The transformation of synaptic input into patterns of spike output is a fundamental operation that is determined by the particular complement of ion channels that a neuron expresses. Although it is well established that individual ion channel proteins make stochastic transitions between conducting and non-conducting states, most models of synaptic integration are deterministic, and relatively little is known about the functional consequences of interactions between stochastically gating ion channels. Here, we show that a model of stellate neurons from layer II of the medial entorhinal cortex implemented with either stochastic or deterministically gating ion channels can reproduce the resting membrane properties of stellate neurons, but only the stochastic version of the model can fully account for perithreshold membrane potential fluctuations and clustered patterns of spike output that are recorded from stellate neurons during depolarized states.

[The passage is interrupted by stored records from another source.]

lemma group_wreath: "group W"
proof (rule groupI)
  fix u v assume "u \<in> carrier W" "v \<in> carrier W"
  then show "u \<otimes>\<^bsub>W\<^esub> v \<in> carrier W"
    by (elim wreath_elem_cases) (auto simp: mult_Node)
next
  show "\<one>\<^bsub>W\<^esub> \<in> carrier W" by (simp add: one_wreath)
next
  fix u v w assume "u \<in> carrier W" "v \<in> carrier W" "w \<in> carrier W"
  then show "u \<otimes>\<^bsub>W\<^esub> v \<otimes>\<^bsub>W\<^esub> w = u \<otimes>\<^bsub>W\<^esub> (v \<otimes>\<^bsub>W\<^esub> w)"
    by (elim wreath_elem_cases)
       (auto simp: mult_Node B.m_assoc G.m_assoc B.inv_mult_group intro!: restrict_ext)
next
  fix u assume "u \<in> carrier W"
  then show "\<one>\<^bsub>W\<^esub> \<otimes>\<^bsub>W\<^esub> u = u"
    by (elim wreath_elem_cases) (auto simp: one_wreath mult_Node PiE_iff extensional_def)
next
  fix u assume "u \<in> carrier W"
  then obtain \<alpha> x where u: "u = Node \<alpha> x" "\<alpha> \<in> carrier B \<rightarrow>\<^sub>E carrier G" "x \<in> carrier B"
    by (rule wreath_elem_cases)
  let ?v = "Node (\<lambda>b\<in>carrier B. inv\<^bsub>G\<^esub> \<alpha> (x \<otimes>\<^bsub>B\<^esub> b)) (inv\<^bsub>B\<^esub> x)"
  have "?v \<otimes>\<^bsub>W\<^esub> u = \<one>\<^bsub>W\<^esub>"
    using u by (auto simp: mult_Node one_wreath intro!: restrict_ext)
  moreover have "?v \<in> carrier W" using u by auto
  ultimately show "\<exists>v\<in>carrier W. v \<otimes>\<^bsub>W\<^esub> u = \<one>\<^bsub>W\<^esub>" by blast
qed

sublocale W: group W by (rule group_wreath)

fun orbit_prod :: "(nat \<Rightarrow> 'a wt) \<Rightarrow> nat \<Rightarrow> nat \<Rightarrow> nat \<Rightarrow> 'a wt" where
  "orbit_prod \<alpha> x 0 b = \<one>\<^bsub>G\<^esub>"
| "orbit_prod \<alpha> x (Suc n) b = orbit_prod \<alpha> x n b \<otimes>\<^bsub>G\<^esub> \<alpha> (inv\<^bsub>B\<^esub> (x [^]\<^bsub>B\<^esub> n) \<otimes>\<^bsub>B\<^esub> b)"

lemma orbit_prod_closed [simp]:
  "\<alpha> \<in> carrier B \<rightarrow>\<^sub>E carrier G \<Longrightarrow> x \<in> carrier B \<Longrightarrow> b \<in> carrier B \<Longrightarrow>
    orbit_prod \<alpha> x n b \<in> carrier G"
  by (induction n) auto

lemma orbit_prod_cong:
  assumes "\<And>j. j < n \<Longrightarrow> \<alpha> (inv\<^bsub>B\<^esub> (x [^]\<^bsub>B\<^esub> j) \<otimes>\<^bsub>B\<^esub> b) = \<beta> (inv\<^bsub>B\<^esub> (x [^]\<^bsub>B\<^esub> j) \<otimes>\<^bsub>B\<^esub> b)"
  shows "orbit_prod \<alpha> x n b = orbit_prod \<beta> x n b"
  using assms by (induction n) auto

lemma pow_Node:
  assumes "\<alpha> \<in> carrier B \<rightarrow>\<^sub>E carrier G" "x \<in> carrier B"
  shows "Node \<alpha> x [^]\<^bsub>W\<^esub> n = Node (\<lambda>b\<in>carrier B. orbit_prod \<alpha> x n b) (x [^]\<^bsub>B\<^esub> n)"
  by (induction n) (use assms in \<open>auto simp: one_wreath mult_Node intro!: restrict_ext\<close>)

lemma inv_pow_mult_inv:
  assumes "x \<in> carrier B" "b \<in> carrier B"
  shows "inv\<^bsub>B\<^esub> (x [^]\<^bsub>B\<^esub> n) \<otimes>\<^bsub>B\<^esub> (inv\<^bsub>B\<^esub> x \<otimes>\<^bsub>B\<^esub> b) = inv\<^bsub>B\<^esub> (x [^]\<^bsub>B\<^esub> Suc n) \<otimes>\<^bsub>B\<^esub> b"
  using assms by (simp add: B.nat_pow_Suc2 B.inv_mult_group B.m_assoc del: nat_pow_Suc B.nat_pow_Suc)

lemma orbit_prod_Suc_left:
  assumes "\<alpha> \<in> carrier B \<rightarrow>\<^sub>E carrier G" "x \<in> carrier B" "b \<in> carrier B"
  shows "orbit_prod \<alpha> x (Suc n) b = \<alpha> b \<otimes>\<^bsub>G\<^esub> orbit_prod \<alpha> x n (inv\<^bsub>B\<^esub> x \<otimes>\<^bsub>B\<^esub> b)"
proof (induction n)
  case (Suc n)
  with assms show ?case by (simp add: G.m_assoc inv_pow_mult_inv del: B.nat_pow_Suc)
qed (use assms in simp)

text \<open>Once \<open>x [^] m = \<one>\<close>, the products starting at \<open>b\<close> and at \<open>inv x \<otimes> b\<close> are
  cyclic rotations \<open>\<alpha> b \<otimes> R\<close> and \<open>R \<otimes> \<alpha> b\<close> of each other.\<close>
lemma ord_orbit_prod_shift:
  assumes "\<alpha> \<in> carrier B \<rightarrow>\<^sub>E carrier G" "x \<in> carrier B" "b \<in> carrier B" "x [^]\<^bsub>B\<^esub> m = \<one>\<^bsub>B\<^esub>"
  shows "G.ord (orbit_prod \<alpha> x m (inv\<^bsub>B\<^esub> x \<otimes>\<^bsub>B\<^esub> b)) = G.ord (orbit_prod \<alpha> x m b)"
proof (cases m)
  case (Suc n)
  let ?R = "orbit_prod \<alpha> x n (inv\<^bsub>B\<^esub> x \<otimes>\<^bsub>B\<^esub> b)"
  have "orbit_prod \<alpha> x m (inv\<^bsub>B\<^esub> x \<otimes>\<^bsub>B\<^esub> b) = ?R \<otimes>\<^bsub>G\<^esub> \<alpha> b"
    using assms Suc by (simp add: inv_pow_mult_inv del: B.nat_pow_Suc)
  moreover have "orbit_prod \<alpha> x m b = \<alpha> b \<otimes>\<^bsub>G\<^esub> ?R"
    using assms Suc by (simp only: orbit_prod_Suc_left)
  ultimately show ?thesis
    using assms by (simp add: G.ord_mult_comm)
qed simp

lemma pow_Node_one_eq_one_iff:
  fixes n :: nat
  assumes "\<gamma> \<in> carrier B \<rightarrow>\<^sub>E carrier G"
  shows "Node \<gamma> \<one>\<^bsub>B\<^esub> [^]\<^bsub>W\<^esub> n = \<one>\<^bsub>W\<^esub> \<longleftrightarrow> (\<forall>b\<in>carrier B. \<gamma> b [^]\<^bsub>G\<^esub> n = \<one>\<^bsub>G\<^esub>)"
proof -
  have "orbit_prod \<gamma> \<one>\<^bsub>B\<^esub> n b = \<gamma> b [^]\<^bsub>G\<^esub> n" if "b \<in> carrier B" for b
    using that by (induction n) auto
  then show ?thesis
    using assms by (auto simp: pow_Node one_wreath fun_eq_iff)
qed

lemma ord_Node_one_dvd_iff:
  assumes "\<gamma> \<in> carrier B \<rightarrow>\<^sub>E carrier G"
  shows "W.ord (Node \<gamma> \<one>\<^bsub>B\<^esub>) dvd n \<longleftrightarrow> (\<forall>b\<in>carrier B. G.ord (\<gamma> b) dvd n)"
  using assms by (simp add: W.pow_eq_id[symmetric] G.pow_eq_id[symmetric] pow_Node_one_eq_one_iff)

lemma ord_Node_one_const:
  assumes "\<gamma> \<in> carrier B \<rightarrow>\<^sub>E carrier G" "\<And>b. b \<in> carrier B \<Longrightarrow> G.ord (\<gamma> b) = d"
  shows "W.ord (Node \<gamma> \<one>\<^bsub>B\<^esub>) = d"
proof -
  have "W.ord (Node \<gamma> \<one>\<^bsub>B\<^esub>) dvd n \<longleftrightarrow> d dvd n" for n
    using assms B.one_closed by (auto simp: ord_Node_one_dvd_iff)
  then show ?thesis by (meson dvd_antisym dvd_refl)
qed

end

locale finite_wreath_product = wreath_product +
  assumes finite_G: "finite (carrier G)" and finite_B: "finite (carrier B)"
begin

lemma card_wreath_filter:
  "card {w \<in> carrier W. Q w} = (\<Sum>x\<in>carrier B. card {\<alpha> \<in> carrier B \<rightarrow>\<^sub>E carrier G. Q (Node \<alpha> x)})"
proof -
  let ?S = "SIGMA x:carrier B. {\<alpha> \<in> carrier B \<rightarrow>\<^sub>E carrier G. Q (Node \<alpha> x)}"
  have "{w \<in> carrier W. Q w} = (\<lambda>(x, \<alpha>). Node \<alpha> x) ` ?S"
    by (auto simp: wreath_def image_iff)
  moreover have "inj_on (\<lambda>(x, \<alpha>). Node \<alpha> x) ?S"
    by (auto simp: inj_on_def)
  ultimately show ?thesis
    using finite_B finite_G by (simp add: card_image finite_PiE)
qed

lemma card_wreath: "card (carrier W) = card (carrier G) ^ card (carrier B) * card (carrier B)"
  using card_wreath_filter[of "\<lambda>_. True"] finite_B by (simp add: card_PiE)

lemma finite_wreath: "finite (carrier W)"
proof -
  have "card (carrier G) > 0" "card (carrier B) > 0"
    using finite_G finite_B G.one_closed B.one_closed by (auto simp: card_gt_0_iff)
  then show ?thesis
    using card_wreath by (metis card.infinite nat_0_less_mult_iff zero_less_power less_irrefl)
qed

We demonstrate that the stochastic model implements an example of a general mechanism for patterning of neuronal output through activity-dependent changes in the probability of spike firing. Unlike deterministic mechanisms that generate spike patterns through slow changes in the state of model parameters, this general stochastic mechanism does not require retention of information beyond the duration of a single spike and its associated afterhyperpolarization. Instead, clustered patterns of spikes emerge in the stochastic model of stellate neurons as a result of a transient increase in firing probability driven by activation of HCN channels during recovery from the spike afterhyperpolarization. Using this model, we infer conditions in which stochastic ion channel gating may influence firing patterns in vivo and predict consequences of modifications of HCN channel function for in vivo firing patterns.